National Post

Dave bidini

‘The first few malls called to us the way the mouth of the spaceship called to Richard Dreyfuss in Close Encounters of the Third Kind’

- Dave Bidini

Iwas a mall kid growing up. They were a big deal in the ’70s suburbs; all of that thundering concrete landing heavy in the middle of parks and ravines. The first few Toronto malls — named after a kind of dreamy Brittania: Cloverdale, Albion, Yorkdale — called to us the way the mouth of the spaceship called to Richard Dreyfuss in Close Encounters of the Third Kind. For a single, flickering moment, the mall was to new suburban families what the piazza or town square is to old Europe. On Saturdays, every kid and their parents would promenade under the yellow ceiling glow, summoned to a hive, and the nature of that hive, because the idea of being together was hard to find elsewhere.

When I was 15, I spent a summer working at Music World at the Albion Mall. I’ve written before about how that played out — I was fired for being terrible at my job — but getting up every day and going to the mall to work was like getting up and going to Buckingham Palace. On break, I cruised the T-shirt stands and smoke shops; stared in the windows of the Supercutz watching older kids get punk haircuts; and snuck into the twin cinemas to see the next Planet of the Apes trailer.

Those early malls spun off strip malls. There was one in every suburban neighbourh­ood: a half-block of drugstores and bowling alleys. It was at the back of Westway Plaza that I took guitar lessons for the first time in a cramped room filled with hippies and weirdos trying to learn “Black Magic Woman.” On weekends, local bands would set up in the shop, and after school started, me and my friends would hang out on our bikes and watch them set up and play. Like the bigger malls, there was life here, too. Culture had barnacled to consumeris­m, and if you charted the origin of new Canadian music in the ’80s and ’ 90s, the lines would lead to parking lot plaza pavement.

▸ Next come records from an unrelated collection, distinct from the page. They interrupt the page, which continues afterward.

lemma fm_eigenvalues_finite_nonempty:
  assumes "n > 0"
  shows "finite {e. \<exists>x. fm_eigenvector n G e x}" "{e. \<exists>x. fm_eigenvector n G e x} \<noteq> {}"
proof -
  let ?A = "Matrix.mat n n (\<lambda>(i, j). G i j)"
  obtain es where cp: "char_poly ?A = (\<Prod>a \<leftarrow> es. [:- a, 1:])" and len: "length es = n"
    using char_poly_factorized[of ?A n] by auto
  have "{e. \<exists>x. fm_eigenvector n G e x} = set es"
    unfolding eigenvalue_mat_iff_fm_eigenvector[symmetric] eigenvalue_root_char_poly[of ?A n, simplified] cp
    by (simp add: poly_prod_list prod_list_zero_iff image_iff)
  then show "finite {e. \<exists>x. fm_eigenvector n G e x}" "{e. \<exists>x. fm_eigenvector n G e x} \<noteq> {}"
    using len assms by auto
qed

no_notation vec_index (infixl "$" 100)

text \<open>An \<open>n \<times> n\<close> complex matrix is a function \<open>nat \<Rightarrow> nat \<Rightarrow> complex\<close> of which only the
  entries below \<open>n\<close> matter.\<close>

definition fm_mult :: "nat \<Rightarrow> (nat \<Rightarrow> nat \<Rightarrow> complex) \<Rightarrow> (nat \<Rightarrow> nat \<Rightarrow> complex) \<Rightarrow> nat \<Rightarrow> nat \<Rightarrow> complex" where
  "fm_mult n A B = (\<lambda>i j. \<Sum>k<n. A i k * B k j)"

definition fm_adj :: "(nat \<Rightarrow> nat \<Rightarrow> complex) \<Rightarrow> nat \<Rightarrow> nat \<Rightarrow> complex" where
  "fm_adj A = (\<lambda>i j. cnj (A j i))"

definition fm_id :: "nat \<Rightarrow> nat \<Rightarrow> complex" where
  "fm_id = (\<lambda>i j. if i = j then 1 else 0)"

definition fm_unitary :: "nat \<Rightarrow> (nat \<Rightarrow> nat \<Rightarrow> complex) \<Rightarrow> bool" where
  "fm_unitary n P \<longleftrightarrow> (\<forall>i<n. \<forall>j<n. fm_mult n P (fm_adj P) i j = fm_id i j \<and> fm_mult n (fm_adj P) P i j = fm_id i j)"

definition fm_hermitian :: "nat \<Rightarrow> (nat \<Rightarrow> nat \<Rightarrow> complex) \<Rightarrow> bool" where
  "fm_hermitian n G \<longleftrightarrow> (\<forall>i<n. \<forall>j<n. G j i = cnj (G i j))"
lemma martingale_on_doob_L2_Sup:
  assumes T: "0 < T" and mart: "martingale_on M T F X"
    and cont: "\<And>x. x \<in> space M \<Longrightarrow> continuous_on {0..T} (\<lambda>t. X t x)"
    and sq: "integrable M (\<lambda>x. (X T x)\<^sup>2)"
  shows "(\<integral>\<^sup>+ x. ennreal ((SUP s\<in>{0..T}. X s x)\<^sup>2) \<partial>M) + ennreal (2 * (\<integral>x. (X 0 x)\<^sup>2 \<partial>M))
           \<le> ennreal (4 * (\<integral>x. (X T x)\<^sup>2 \<partial>M))"
proof -
  define I where "I = (\<integral>x. (X T x)\<^sup>2 \<partial>M)"
  define J where "J = (\<integral>x. (X 0 x)\<^sup>2 \<partial>M)"
  define m where "m N x = running_max (\<lambda>k. X (uniform_grid T N k) x) (Suc N)" for N x
  have grid: "mono (uniform_grid T N)" "0 \<le> uniform_grid T N 0" "uniform_grid T N (Suc N) \<le> T"
    for N
    using T by (simp_all add: mono_uniform_grid)
  have m_sq: "integrable M (\<lambda>x. (m N x)\<^sup>2)"
    and discrete: "(\<integral>x. (m N x)\<^sup>2 \<partial>M) + 2 * J \<le> 4 * I" for N
    using martingale_on_doob_L2_running_max[OF mart grid] sq
    unfolding m_def I_def J_def by (simp_all only: uniform_grid_first uniform_grid_last)
  have "0 \<le> J" "0 \<le> (\<integral>x. (m 0 x)\<^sup>2 \<partial>M)"
    unfolding J_def by simp_all
  with discrete[of 0] have "2 * J \<le> 4 * I"
    by linarith
  have "(\<integral>\<^sup>+ x. ennreal ((SUP s\<in>{0..T}. X s x)\<^sup>2) \<partial>M) \<le> ennreal (4 * I - 2 * J)"
  proof (rule nn_integral_le_of_tendsto)
    show "(\<lambda>x. ennreal ((m N x)\<^sup>2)) \<in> borel_measurable M" for N
      using m_sq by measurable
    show "(\<lambda>N. ennreal ((m N x)\<^sup>2)) \<longlonglongrightarrow> ennreal ((SUP s\<in>{0..T}. X s x)\<^sup>2)"
      if "x \<in> space M" for x
      using tendsto_running_max_uniform_grid[OF T cont[OF that]] unfolding m_def
      by (intro tendsto_ennrealI tendsto_power)
    show "(\<integral>\<^sup>+ x. ennreal ((m N x)\<^sup>2) \<partial>M) \<le> ennreal (4 * I - 2 * J)" for N
      using discrete[of N] m_sq by (simp add: nn_integral_eq_integral ennreal_leI)
  qed
  then have "(\<integral>\<^sup>+ x. ennreal ((SUP s\<in>{0..T}. X s x)\<^sup>2) \<partial>M) + ennreal (2 * J)
      \<le> ennreal (4 * I - 2 * J) + ennreal (2 * J)"
    by (rule add_right_mono)
  also have "\<dots> = ennreal (4 * I)"
    using \<open>0 \<le> J\<close> \<open>2 * J \<le> 4 * I\<close> by (simp flip: ennreal_plus)
  finally show ?thesis
    unfolding I_def J_def .
qed

end

theorem mainTheorem5:
  fixes M :: "'a measure" and F :: "real \<Rightarrow> 'a measure"
    and X :: "real \<Rightarrow> 'a \<Rightarrow> real" and T x0 :: real
  assumes "prob_space M"
    and "T > 0"
    and "martingale_on M T F X"
    and "\<forall>\<omega>\<in>space M. continuous_on {0..T} (\<lambda>t. X t \<omega>)"
    and "\<forall>\<omega>\<in>space M. X 0 \<omega> = x0"
  shows "(\<integral>\<^sup>+ \<omega>. ennreal ((SUP s\<in>{0..T}. X s \<omega>)\<^sup>2) \<partial>M) + ennreal (2 * x0\<^sup>2)
           \<le> 4 * (\<integral>\<^sup>+ \<omega>. ennreal ((X T \<omega>)\<^sup>2) \<partial>M)"
proof -
  interpret prob_space M by fact
  have X_T: "X T \<in> borel_measurable M"
    using martingale_on_measurable[OF assms(3)] assms(2) by simp
  show ?thesis
  proof (cases "integrable M (\<lambda>\<omega>. (X T \<omega>)\<^sup>2)")
    case True
    have "(\<integral>\<omega>. (X 0 \<omega>)\<^sup>2 \<partial>M) = (\<integral>\<omega>. x0\<^sup>2 \<partial>M)"
      using assms(5) by (intro Bochner_Integration.integral_cong) simp_all
    then have "(\<integral>\<omega>. (X 0 \<omega>)\<^sup>2 \<partial>M) = x0\<^sup>2"
      by (simp add: prob_space)
    with martingale_on_doob_L2_Sup[OF assms(2,3) _ True] assms(4)
    have "(\<integral>\<^sup>+ \<omega>. ennreal ((SUP s\<in>{0..T}. X s \<omega>)\<^sup>2) \<partial>M) + ennreal (2 * x0\<^sup>2)
        \<le> ennreal (4 * (\<integral>\<omega>. (X T \<omega>)\<^sup>2 \<partial>M))"
      by simp
    also have "\<dots> = 4 * (\<integral>\<^sup>+ \<omega>. ennreal ((X T \<omega>)\<^sup>2) \<partial>M)"
      using True by (simp add: nn_integral_eq_integral ennreal_mult)
    finally show ?thesis .
  next
    case False
    with X_T have "(\<integral>\<^sup>+ \<omega>. ennreal ((X T \<omega>)\<^sup>2) \<partial>M) = \<infinity>"
      by (simp add: integrable_iff_bounded less_top[symmetric])
    then show ?thesis
      by (simp add: ennreal_mult_top)
  qed
qed

end
lemma tr_add: "A \<in> carrier_mat n n \<Longrightarrow> B \<in> carrier_mat n n \<Longrightarrow> tr (A + B) = tr A + tr B"
  unfolding tr_def by (simp add: sum.distrib)

lemma tr_smult: "A \<in> carrier_mat n n \<Longrightarrow> tr (k \<cdot>\<^sub>m A) = k * tr A"
  unfolding tr_def by (simp add: sum_distrib_left)

lemma tr_one: "tr (1\<^sub>m n) = of_nat n"
  unfolding tr_def by simp

lemma tr_similar_mat_wit: assumes "similar_mat_wit A B P Q"
  shows "tr A = tr B"
proof -
  define n where "n = dim_row A"
  from similar_mat_witD[OF n_def assms] have AB: "A = P * B * Q" and QP: "Q * P = 1\<^sub>m n"
    and B: "B \<in> carrier_mat n n" and P: "P \<in> carrier_mat n n" and Q: "Q \<in> carrier_mat n n"
    by blast+
  have "tr A = tr (Q * (P * B))"
    unfolding AB using B P Q by (intro tr_mult_comm) auto
  also have "Q * (P * B) = B"
    using assoc_mult_mat[OF Q P B] QP B by simp
  finally show ?thesis .
qed

lemma tr_square_similar_mat_wit: assumes "similar_mat_wit A B P Q"
  shows "tr (A * A) = tr (B * B)"
proof -
  define n where "n = dim_row A"
  from similar_mat_witD[OF n_def assms] have "A \<in> carrier_mat n n" "B \<in> carrier_mat n n"
    by blast+
  then have "A ^\<^sub>m 2 = A * A" "B ^\<^sub>m 2 = B * B"
    by (simp_all add: numeral_2_eq_2 del: One_nat_def)
  with tr_similar_mat_wit[OF similar_mat_wit_pow[OF assms, of 2]] show ?thesis
    by simp
qed

lemma tr_square_upper_triangular:
  assumes B: "B \<in> carrier_mat n n" and ut: "upper_triangular B"
  shows "tr (B * B) = (\<Sum>i<n. (B $$ (i,i))\<^sup>2)"
proof -
  have "B $$ (i,j) * B $$ (j,i) = (if j = i then (B $$ (i,i))\<^sup>2 else 0)" if "i < n" "j < n" for i j
    using upper_triangularD[OF ut] B that
    by (cases i j rule: linorder_cases) (simp_all add: power2_eq_square)
  then have "tr (B * B) = (\<Sum>i<n. \<Sum>j<n. if j = i then (B $$ (i,i))\<^sup>2 else 0)"
    unfolding tr_mult[OF B B] by (intro sum.cong refl) auto
  then show ?thesis
    by simp
qed

lemma tr_char_poly_linear_factors:
  assumes A: "(A :: complex mat) \<in> carrier_mat n n" and cp: "char_poly A = (\<Prod>e\<leftarrow>es. [:- e, 1:])"
  shows "tr A = sum_list es" "tr (A * A) = sum_list (map (\<lambda>e. e\<^sup>2) es)"
proof -
  obtain B P Q where "schur_decomposition A es = (B,P,Q)"
    by (cases "schur_decomposition A es")
  from schur_decomposition[OF A cp this] have sim: "similar_mat_wit A B P Q"
    and ut: "upper_triangular B" and diag: "diag_mat B = es" by blast+
  have B: "B \<in> carrier_mat n n"
    using similar_mat_witD2[OF A sim] by blast
  have diag_sum: "sum_list (map f es) = (\<Sum>i<n. f (B $$ (i,i)))" for f :: "complex \<Rightarrow> complex"
    using B unfolding diag[symmetric] diag_mat_def
    by (simp add: sum_list_sum_nth lessThan_atLeast0)
  show "tr A = sum_list es"
    using tr_similar_mat_wit[OF sim] diag_sum[of "\<lambda>e. e"] B by (simp add: tr_def)
  show "tr (A * A) = sum_list (map (\<lambda>e. e\<^sup>2) es)"
    using tr_square_similar_mat_wit[OF sim] tr_square_upper_triangular[OF B ut] diag_sum
    by simp
qed

lemma prod_linear_factor_powers_as_list:
  fixes r :: nat
  shows "\<exists>es. (\<Prod>i<r. [:- f i, 1:] ^ g i) = (\<Prod>e\<leftarrow>es. [:- e, 1:])
     \<and> sum_list es = (\<Sum>i<r. f i * of_nat (g i))
     \<and> sum_list (map (\<lambda>e. e\<^sup>2) es) = (\<Sum>i<r. (f i)\<^sup>2 * of_nat (g i) :: 'a :: comm_ring_1)"
proof (induction r)
  case 0
  show ?case by (intro exI[of _ "[]"]) simp
next
  case (Suc r)
  then obtain es where "(\<Prod>i<r. [:- f i, 1:] ^ g i) = (\<Prod>e\<leftarrow>es. [:- e, 1:])"
    "sum_list es = (\<Sum>i<r. f i * of_nat (g i))"
    "sum_list (map (\<lambda>e. e\<^sup>2) es) = (\<Sum>i<r. (f i)\<^sup>2 * of_nat (g i))"
    by blast
  then show ?case
    by (intro exI[of _ "es @ replicate (g r) (f r)"])
      (simp add: prod_list_replicate sum_list_replicate mult.commute)
qed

Eventually, strip malls blossomed — “blossom” is the wrong word — into big-box stores that loomed over the suburbs like malls on steroids. Like most forms of consumeris­m, developers pressed their luck, and some of these grey wastelands made places like Cloverdale Mall look like the Taj Mahal.

Big-box outlets eagerly and impatientl­y doubled and tripled in numbers, gorging upon whatever was left of space on the fringes of the city. As we’ve seen with the quick demise of Target, and, most recently, Future Shop, this glut could not sustain, and because they offered no promenade, people looked elsewhere, especially in the city. Suddenly, there were people here in the streets, in the parks, in the shops. The light drained from many of the former beacons of consumeris­m, and the citizenry fell over each other trying to get back downtown.

I went back to the Albion Mall a few years ago. I had to remember what it was like, and to measure how far away those days were from there to here. From the outside, the mall seemed the same, but inside, it was empty. I left the Albion Mall. I ain’t ever going back there again.